═════ Supplied records

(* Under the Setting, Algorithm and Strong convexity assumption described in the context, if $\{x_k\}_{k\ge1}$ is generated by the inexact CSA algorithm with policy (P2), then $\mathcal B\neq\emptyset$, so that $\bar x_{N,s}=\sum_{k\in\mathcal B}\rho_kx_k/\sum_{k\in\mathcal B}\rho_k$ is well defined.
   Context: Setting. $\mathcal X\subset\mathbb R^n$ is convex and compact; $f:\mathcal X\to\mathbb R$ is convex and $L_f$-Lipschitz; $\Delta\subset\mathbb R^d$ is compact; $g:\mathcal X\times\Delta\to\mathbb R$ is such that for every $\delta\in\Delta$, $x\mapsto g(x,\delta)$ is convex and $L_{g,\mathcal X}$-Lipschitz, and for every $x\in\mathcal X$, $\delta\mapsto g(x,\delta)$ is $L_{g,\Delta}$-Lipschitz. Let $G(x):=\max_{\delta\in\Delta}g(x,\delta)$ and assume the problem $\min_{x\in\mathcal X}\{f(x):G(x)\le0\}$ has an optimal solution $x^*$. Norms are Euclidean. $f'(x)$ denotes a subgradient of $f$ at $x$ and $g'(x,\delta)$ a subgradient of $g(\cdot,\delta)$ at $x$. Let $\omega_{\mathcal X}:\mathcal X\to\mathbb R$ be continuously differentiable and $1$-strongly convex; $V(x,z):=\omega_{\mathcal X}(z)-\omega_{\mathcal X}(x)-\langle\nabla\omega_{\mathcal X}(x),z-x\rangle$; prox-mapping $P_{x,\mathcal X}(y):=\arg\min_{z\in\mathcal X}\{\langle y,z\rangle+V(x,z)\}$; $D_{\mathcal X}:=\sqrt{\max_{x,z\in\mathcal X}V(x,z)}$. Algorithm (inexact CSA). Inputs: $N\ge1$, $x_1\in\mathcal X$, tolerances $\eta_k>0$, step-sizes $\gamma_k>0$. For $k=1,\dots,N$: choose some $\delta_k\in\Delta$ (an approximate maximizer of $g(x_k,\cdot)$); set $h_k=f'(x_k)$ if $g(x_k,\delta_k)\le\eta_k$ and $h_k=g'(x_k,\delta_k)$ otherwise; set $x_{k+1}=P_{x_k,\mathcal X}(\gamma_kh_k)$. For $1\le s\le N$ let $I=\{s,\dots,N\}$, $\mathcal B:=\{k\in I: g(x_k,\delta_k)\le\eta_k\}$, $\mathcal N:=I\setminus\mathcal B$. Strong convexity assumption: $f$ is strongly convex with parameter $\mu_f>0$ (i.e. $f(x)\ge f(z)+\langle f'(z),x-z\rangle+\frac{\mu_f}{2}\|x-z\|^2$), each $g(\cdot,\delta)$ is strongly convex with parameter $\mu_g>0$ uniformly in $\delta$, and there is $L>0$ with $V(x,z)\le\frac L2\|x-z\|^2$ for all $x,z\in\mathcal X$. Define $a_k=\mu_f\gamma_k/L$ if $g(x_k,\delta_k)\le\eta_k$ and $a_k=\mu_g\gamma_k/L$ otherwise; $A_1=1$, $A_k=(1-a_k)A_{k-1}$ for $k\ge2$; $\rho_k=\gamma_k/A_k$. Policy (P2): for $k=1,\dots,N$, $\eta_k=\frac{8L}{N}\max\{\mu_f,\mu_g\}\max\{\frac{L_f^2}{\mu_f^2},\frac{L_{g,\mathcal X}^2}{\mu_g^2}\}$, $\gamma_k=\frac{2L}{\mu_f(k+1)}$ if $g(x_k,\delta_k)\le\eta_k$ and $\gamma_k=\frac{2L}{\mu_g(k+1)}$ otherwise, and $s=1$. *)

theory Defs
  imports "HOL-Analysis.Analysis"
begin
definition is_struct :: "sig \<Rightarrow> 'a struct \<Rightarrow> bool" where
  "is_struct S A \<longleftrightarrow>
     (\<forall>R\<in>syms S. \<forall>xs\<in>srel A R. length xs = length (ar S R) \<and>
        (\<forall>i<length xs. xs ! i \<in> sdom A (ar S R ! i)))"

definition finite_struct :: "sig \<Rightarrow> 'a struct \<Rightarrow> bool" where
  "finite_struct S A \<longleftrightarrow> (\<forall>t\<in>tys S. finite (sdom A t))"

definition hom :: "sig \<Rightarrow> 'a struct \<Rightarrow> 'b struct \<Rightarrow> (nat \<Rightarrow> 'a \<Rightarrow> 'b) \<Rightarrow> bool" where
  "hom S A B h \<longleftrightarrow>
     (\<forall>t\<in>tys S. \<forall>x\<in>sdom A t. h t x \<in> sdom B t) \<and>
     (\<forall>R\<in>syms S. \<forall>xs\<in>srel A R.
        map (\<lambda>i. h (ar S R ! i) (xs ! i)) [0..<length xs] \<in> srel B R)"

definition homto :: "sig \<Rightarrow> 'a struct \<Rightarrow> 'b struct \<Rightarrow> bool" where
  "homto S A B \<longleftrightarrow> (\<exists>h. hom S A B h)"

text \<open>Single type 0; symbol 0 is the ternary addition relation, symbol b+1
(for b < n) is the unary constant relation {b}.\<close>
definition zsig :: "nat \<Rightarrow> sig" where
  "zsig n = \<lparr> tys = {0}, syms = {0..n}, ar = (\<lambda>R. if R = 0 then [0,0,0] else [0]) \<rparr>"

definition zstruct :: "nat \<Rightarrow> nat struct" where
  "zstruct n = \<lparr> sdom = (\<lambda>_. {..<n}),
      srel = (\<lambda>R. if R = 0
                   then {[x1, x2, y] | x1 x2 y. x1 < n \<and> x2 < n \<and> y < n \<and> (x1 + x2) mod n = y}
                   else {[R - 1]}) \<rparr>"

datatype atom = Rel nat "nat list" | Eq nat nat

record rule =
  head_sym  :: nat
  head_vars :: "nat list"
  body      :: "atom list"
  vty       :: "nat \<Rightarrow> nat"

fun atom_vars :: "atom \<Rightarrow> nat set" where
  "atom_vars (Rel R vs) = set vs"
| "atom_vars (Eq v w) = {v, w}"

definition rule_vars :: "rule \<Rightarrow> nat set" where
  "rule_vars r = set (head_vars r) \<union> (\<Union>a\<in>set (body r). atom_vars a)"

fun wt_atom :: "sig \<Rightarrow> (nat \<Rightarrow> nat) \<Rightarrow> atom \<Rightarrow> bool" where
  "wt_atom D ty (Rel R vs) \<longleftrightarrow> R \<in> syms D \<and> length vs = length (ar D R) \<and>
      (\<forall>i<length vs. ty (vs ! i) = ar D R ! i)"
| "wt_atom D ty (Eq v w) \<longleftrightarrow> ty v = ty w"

══════════

**Task details:**
Repeat, exactly as they stand above, the lines from the line with "map (\<lambda>i. h" to the line with "srel = (\<lambda>R. if R = 0", both lines included.

**Output:**
        map (\<lambda>i. h (ar S R ! i) (xs ! i)) [0..<length xs] \<in> srel B R)"

definition homto :: "sig \<Rightarrow> 'a struct \<Rightarrow> 'b struct \<Rightarrow> bool" where
  "homto S A B \<longleftrightarrow> (\<exists>h. hom S A B h)"

text \<open>Single type 0; symbol 0 is the ternary addition relation, symbol b+1
(for b < n) is the unary constant relation {b}.\<close>
definition zsig :: "nat \<Rightarrow> sig" where
  "zsig n = \<lparr> tys = {0}, syms = {0..n}, ar = (\<lambda>R. if R = 0 then [0,0,0] else [0]) \<rparr>"

definition zstruct :: "nat \<Rightarrow> nat struct" where
  "zstruct n = \<lparr> sdom = (\<lambda>_. {..<n}),
      srel = (\<lambda>R. if R = 0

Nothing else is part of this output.